Jordan's King Abdullah II began a rare visit to the occupied West Bank to meet Palestinian president Mahmud Abbas on Monday, amid shared tensions with the "Israeli" entity over a flashpoint al-Quds [Jerusalem] holy site.
In his first visit to Abbas's headquarters in Ramallah in five years, Abdullah was welcomed on a red carpet near his helicopter by the Palestinian leader before the two national anthems were played.
The two men did not address the media but shook hands with senior Palestinian officials.
The visit came less than two weeks after the end of a standoff at the al-Aqsa mosque compound in al-Quds where the "Israeli" entity had imposed new security measures, including metal detectors, following an attack that killed two policemen.
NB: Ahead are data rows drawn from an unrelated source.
lemma sum_dist_minimum_imp_sum_sgn_eq_0:
  fixes S :: "'a::real_inner set"
  assumes "finite S" "F \<notin> S" and min: "\<And>X. (\<Sum>A\<in>S. dist A F) \<le> (\<Sum>A\<in>S. dist A X)"
  shows "(\<Sum>A\<in>S. sgn (A - F)) = 0"
proof -
  define s where "s = (\<Sum>A\<in>S. sgn (F - A))"
  have "((\<lambda>X. \<Sum>A\<in>S. dist A X) has_derivative (\<lambda>h. \<Sum>A\<in>S. h \<bullet> sgn (F - A))) (at F)"
    using assms(2) by (intro has_derivative_sum has_derivative_dist_right) auto
  then have "((\<lambda>X. \<Sum>A\<in>S. dist A X) has_derivative (\<lambda>h. h \<bullet> s)) (at F)"
    by (simp add: s_def inner_sum_right)
  then have "(\<lambda>h. h \<bullet> s) = (\<lambda>h. 0)"
    using min by (intro has_derivative_local_min always_eventually) auto
  then have "s = 0"
    by (metis inner_eq_zero_iff)
  moreover have "(\<Sum>A\<in>S. sgn (A - F)) = - s"
    by (simp add: s_def flip: sum_negf sgn_minus)
  ultimately show ?thesis
    by simp
qed

lemma unit_sum_eq_0_imp_inner_eq:
  fixes u1 u2 u3 u4 :: "'a::real_inner"
  assumes "norm u1 = 1" "norm u2 = 1" "norm u3 = 1" "norm u4 = 1"
    and "u1 + u2 + u3 + u4 = 0"
  shows "u1 \<bullet> u2 = u3 \<bullet> u4"
proof -
  have "u1 + u2 = - (u3 + u4)"
    using assms(5) by (simp only: eq_neg_iff_add_eq_0 add.assoc)
  then have "(norm (u1 + u2))\<^sup>2 = (norm (u3 + u4))\<^sup>2"
    by (metis norm_minus_cancel)
  moreover have "u1 \<bullet> u1 = 1" "u2 \<bullet> u2 = 1" "u3 \<bullet> u3 = 1" "u4 \<bullet> u4 = 1"
    using assms(1-4) by (simp_all add: power2_norm_eq_inner[symmetric])
  ultimately show ?thesis
    by (simp add: power2_norm_eq_inner inner_add inner_commute)
qed

section \<open>Vector identities and angles\<close>

lemma angle_bisector_point:
  fixes F u w :: "'a::real_vector"
  assumes "A = F + r *\<^sub>R u" "B = F + s *\<^sub>R w" "r + s \<noteq> 0"
  shows "A + (r / (r + s)) *\<^sub>R (B - A) = F + (r * s / (r + s)) *\<^sub>R (u + w)"
proof -
  have "A + (r / (r + s)) *\<^sub>R (B - A) = F + (r - r * (r / (r + s))) *\<^sub>R u + (r / (r + s) * s) *\<^sub>R w"
    using assms(1,2) by (simp add: algebra_simps)
  also have "r - r * (r / (r + s)) = r * s / (r + s)"
    using assms(3) by (simp add: field_simps)
  also have "r / (r + s) * s = r * s / (r + s)"
    by simp
  finally show ?thesis
    by (simp add: scaleR_add_right)
qed

lemma bisector_inner_side:
  fixes u w :: "'a::real_inner"
  assumes "norm u = 1" "norm w = 1"
  shows "(u + w) \<bullet> (r *\<^sub>R u - s *\<^sub>R w) = (r - s) * (1 + u \<bullet> w)"
    and "(norm (u + w))\<^sup>2 * (norm (r *\<^sub>R u - s *\<^sub>R w))\<^sup>2 - ((u + w) \<bullet> (r *\<^sub>R u - s *\<^sub>R w))\<^sup>2
         = (r + s)\<^sup>2 * (1 - (u \<bullet> w)\<^sup>2)"
proof -
  have uu: "u \<bullet> u = 1" "w \<bullet> w = 1"
    using assms by (simp_all add: power2_norm_eq_inner[symmetric])
  show bd: "(u + w) \<bullet> (r *\<^sub>R u - s *\<^sub>R w) = (r - s) * (1 + u \<bullet> w)"
    by (simp add: inner_add_left inner_diff_right uu inner_commute algebra_simps)
  have nb: "(norm (u + w))\<^sup>2 = 2 * (1 + u \<bullet> w)"
    by (simp add: power2_norm_eq_inner inner_add_left inner_add_right uu inner_commute)
  have nd: "(norm (r *\<^sub>R u - s *\<^sub>R w))\<^sup>2 = r\<^sup>2 + s\<^sup>2 - 2 * r * s * (u \<bullet> w)"
    by (simp only: power2_norm_eq_inner)
      (simp add: inner_diff_left inner_diff_right uu inner_commute[of w u] power2_eq_square
        algebra_simps)
  show "(norm (u + w))\<^sup>2 * (norm (r *\<^sub>R u - s *\<^sub>R w))\<^sup>2 - ((u + w) \<bullet> (r *\<^sub>R u - s *\<^sub>R w))\<^sup>2
         = (r + s)\<^sup>2 * (1 - (u \<bullet> w)\<^sup>2)"
    unfolding bd nb nd by (simp add: power2_eq_square algebra_simps)
qed

lemma perpendicular_frame_inner:
  fixes e d h :: "'a::real_inner" and x y :: real
  assumes "norm e = 1" "norm d = 1" "h \<bullet> e = 0" "h \<bullet> d = 0"
  defines "v \<equiv> h + y *\<^sub>R d - x *\<^sub>R e"
  shows "v \<bullet> d = y - x * (e \<bullet> d)"
    and "v \<bullet> e = y * (e \<bullet> d) - x"
    and "v \<bullet> h = (norm h)\<^sup>2"
    and "(norm v)\<^sup>2 - (v \<bullet> d)\<^sup>2 = (norm h)\<^sup>2 + x\<^sup>2 * (1 - (e \<bullet> d)\<^sup>2)"
proof -
  have unit: "e \<bullet> e = 1" "d \<bullet> d = 1"
    using assms(1,2) by (simp_all add: power2_norm_eq_inner[symmetric])
  have perp: "e \<bullet> h = 0" "d \<bullet> h = 0"
    using assms(3,4) by (simp_all add: inner_commute)
  show vd: "v \<bullet> d = y - x * (e \<bullet> d)" and ve: "v \<bullet> e = y * (e \<bullet> d) - x"
    and vh: "v \<bullet> h = (norm h)\<^sup>2"
    by (simp_all add: v_def inner_add_left inner_diff_left unit perp assms(3,4)
        inner_commute[of d e] power2_norm_eq_inner)
  have "(norm v)\<^sup>2 = v \<bullet> (h + y *\<^sub>R d - x *\<^sub>R e)"
    by (simp add: power2_norm_eq_inner v_def[symmetric])
  also have "\<dots> = v \<bullet> h + y * (v \<bullet> d) - x * (v \<bullet> e)"
    by (simp add: inner_add_right inner_diff_right)
  finally show "(norm v)\<^sup>2 - (v \<bullet> d)\<^sup>2 = (norm h)\<^sup>2 + x\<^sup>2 * (1 - (e \<bullet> d)\<^sup>2)"
    unfolding vd ve vh by (simp add: power2_eq_square algebra_simps)
qed
lemma connected_on_iff_rtranclp: "connected_on S E \<longleftrightarrow> (\<forall>u\<in>S. \<forall>v\<in>S. (edge_in S E)\<^sup>*\<^sup>* u v)"
proof -
  have "(edge_in S E)\<^sup>*\<^sup>* (hd p) (last p)" if "walk_in S E p" for p
  proof -
    have "successively (edge_in S E) p"
      using that by (auto simp: walk_in_iff_successively edge_in_def elim!: successively_mono)
    then show ?thesis using that successively_imp_rtranclp by (auto simp: walk_in_iff_successively)
  qed
  then show ?thesis unfolding connected_on_def using rtranclp_imp_walk_in by metis
qed

lemma edge_in_mono: "S \<subseteq> S' \<Longrightarrow> (edge_in S E)\<^sup>*\<^sup>* a b \<Longrightarrow> (edge_in S' E)\<^sup>*\<^sup>* a b"
  by (rule rtranclp_mono[THEN predicate2D, rotated]) (auto simp: edge_in_def)

lemma connected_on_singleton: "connected_on {x} E"
  by (simp add: connected_on_iff_rtranclp)

lemma connected_on_Un:
  assumes "connected_on A E" "connected_on B E" "y \<in> A" "y \<in> B"
  shows "connected_on (A \<union> B) E"
proof -
  have "(edge_in (A \<union> B) E)\<^sup>*\<^sup>* a b" if "a \<in> C" "b \<in> C" "C \<in> {A, B}" for a b C
    using assms that edge_in_mono[of C "A \<union> B"] unfolding connected_on_iff_rtranclp by blast
  then show ?thesis unfolding connected_on_iff_rtranclp using assms(3,4) by (blast intro: rtranclp_trans)
qed

lemma connected_on_walk: "symp E \<Longrightarrow> successively E p \<Longrightarrow> p \<noteq> [] \<Longrightarrow> connected_on (set p) E"
proof (induction p rule: induct_list012)
  case (3 x y zs)
  have "E x y" "E y x" using "3.prems" by (auto dest: sympD)
  then have "connected_on {x, y} E" by (auto simp: connected_on_iff_rtranclp edge_in_def)
  moreover have "connected_on (set (y # zs)) E" using 3 by simp
  moreover have "y \<in> {x, y}" "y \<in> set (y # zs)" by simp_all
  ultimately have "connected_on ({x, y} \<union> set (y # zs)) E" by (rule connected_on_Un)
  moreover have "{x, y} \<union> set (y # zs) = set (x # y # zs)" by auto
  ultimately show ?case by simp
qed (auto simp: connected_on_singleton)

lemma connected_on_finite_subset:
  assumes "symp E" "connected_on A E" "finite X" "X \<noteq> {}" "X \<subseteq> A"
  shows "\<exists>A'. finite A' \<and> X \<subseteq> A' \<and> A' \<subseteq> A \<and> connected_on A' E"
  using assms(3-5)
proof (induction rule: finite_ne_induct)
  case (singleton x)
  then show ?case by (intro exI[of _ "{x}"]) (simp add: connected_on_singleton)
next
  case (insert x F)
  then obtain A' where A': "finite A'" "F \<subseteq> A'" "A' \<subseteq> A" "connected_on A' E" by auto
  obtain y where "y \<in> F" using insert(2) by blast
  have "y \<in> A" "x \<in> A" using \<open>y \<in> F\<close> insert.prems by auto
  then have "(edge_in A E)\<^sup>*\<^sup>* y x" using assms(2) by (simp add: connected_on_iff_rtranclp)
  from rtranclp_imp_walk_in[OF this \<open>y \<in> A\<close>]
  obtain p where p: "walk_in A E p" "hd p = y" "last p = x" by blast
  then have "p \<noteq> []" "set p \<subseteq> A" "successively E p"
    by (simp_all add: walk_in_iff_successively)
  then have "connected_on (set p) E" "y \<in> set p" "x \<in> set p"
    using connected_on_walk[OF assms(1)] p(2,3) hd_in_set last_in_set by blast+
  then have "connected_on (A' \<union> set p) E"
    using connected_on_Un[OF A'(4), of "set p" y] A'(2) \<open>y \<in> F\<close> by blast
  then show ?case using A' \<open>set p \<subseteq> A\<close> \<open>x \<in> set p\<close>
    by (intro exI[of _ "A' \<union> set p"]) auto
qed
(* Let $[N]=\{1,\dots,N\}$ be a set of arms, $H\ge 1$ a horizon, and let $\tau$ be a trajectory specifying, for every time step $h\in[H]$ and arm $i\in[N]$, a state $s_h^{i}$ and a binary action $a_h^{i}\in\{0,1\}$. For each $h\in[H]$ let $f_{\text{source}}(h)\subseteq[N]$ and $f_{\text{target}}(h)\subseteq[N]$ be given sets of arms (they may be determined by static features of the arms and by the states and actions recorded in $\tau$). Consider the following randomized procedure (the "Convert Aggregate Behavior to Trajectory" algorithm). For $h=1,2,\dots,H$: set $C_{A,h}=\{c\in f_{\text{source}}(h): a_h^{c}=1\}$ and $C_{B,h}=\{c\in f_{\text{target}}(h): a_h^{c}=0\}$; then, iterating over the elements $c_B\in C_{B,h}$ in a fixed order, if $C_{A,h}\neq\varnothing$, choose $c_A$ uniformly at random from the current $C_{A,h}$, set $a_h^{c_B}=1$ and $a_h^{c_A}=0$, and remove $c_A$ from $C_{A,h}$. All random choices are made independently. The procedure returns the modified trajectory. Then this procedure allocates actions with maximum entropy: any two trajectories that the procedure outputs with positive probability are output with equal probability, i.e. the output is uniformly distributed over its support (equivalently, the output distribution has maximum Shannon entropy among all distributions on that support).
   Context: An RMAB has $N$ arms; at each time step each arm is in a state and receives action $1$ (intervene/pull) or $0$ (no intervention). A trajectory records the joint states and joint actions of all arms over time steps $1,\dots,H$. The procedure only changes actions, never states. *)

theory Defs
  imports "HOL-Probability.Probability_Mass_Function"
begin

text \<open>A trajectory: states s h i and actions a h i (time step h, arm i).\<close>
type_synonym 's traj = "(nat \<Rightarrow> nat \<Rightarrow> 's) \<times> (nat \<Rightarrow> nat \<Rightarrow> nat)"

fun reassign :: "nat list \<Rightarrow> nat set \<Rightarrow> (nat \<Rightarrow> nat) \<Rightarrow> (nat \<Rightarrow> nat) pmf" where
  "reassign [] CA act = return_pmf act"
| "reassign (cb # cbs) CA act =
     (if CA = {} then reassign cbs CA act
      else bind_pmf (pmf_of_set CA)
             (\<lambda>ca. reassign cbs (CA - {ca}) ((act(cb := 1))(ca := 0))))"

definition cabt_step :: "(nat \<Rightarrow> nat set) \<Rightarrow> (nat \<Rightarrow> nat set) \<Rightarrow> nat \<Rightarrow> 's traj \<Rightarrow> 's traj pmf" where
  "cabt_step fsrc ftgt h \<tau> =
     (let s = fst \<tau>; a = snd \<tau>;
          CA = {c \<in> fsrc h. a h c = 1};
          CB = {c \<in> ftgt h. a h c = 0}
      in map_pmf (\<lambda>act. (s, a(h := act))) (reassign (sorted_list_of_set CB) CA (a h)))"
Jordan, which is the custodian of the site, reacted angrily to the new measures, while Palestinians responded with days of protests.
The tensions were exacerbated on July 23 when an "Israeli" security guard shot dead two Jordanians at the "Israeli" embassy compound in the capital Amman.
The crisis eased on July 27 when "Israeli" Prime Minister Benjamin Netanyahu ordered the removal of the metal detectors, while he has also promised to investigate the embassy incident.
Abdullah's visit was seen by analysts as providing support to Abbas, who has been isolated by the "Israeli" entity over his response to the al-Aqsa row.
About half of Jordan's 9.5 million citizens are of Palestinian origin.
Netanyahu's removal of the metal detectors was seen by Palestinians as a victory.
"It appears that King Abdullah wants to show through his visit that he stands with the Palestinian people in the battle for Jerusalem [al-Quds]," Palestinian political analyst Abdel Majid Sweilem told AFP.
In a statement on the official state news agency Petra, the king was quoted as saying that without Jordanian "custodianship and the steadfastness of the Jerusalemites, the holy sites would have been lost many years ago."
In the middle of the crisis over the metal detectors, Abbas suspended security coordination with the "Israeli" entity, and it has remained suspended despite their removal.
As such 82-year-old Abbas cannot leave the West Bank as the entity controls the border crossings.
"This visit sends a message from his majesty that he is willing to contribute to removing president Abbas's isolation following his decision to stop the security coordination with ‘Israel'," Samir Awad, politics professor at Birzeit University near Ramallah in the West Bank, told AFP.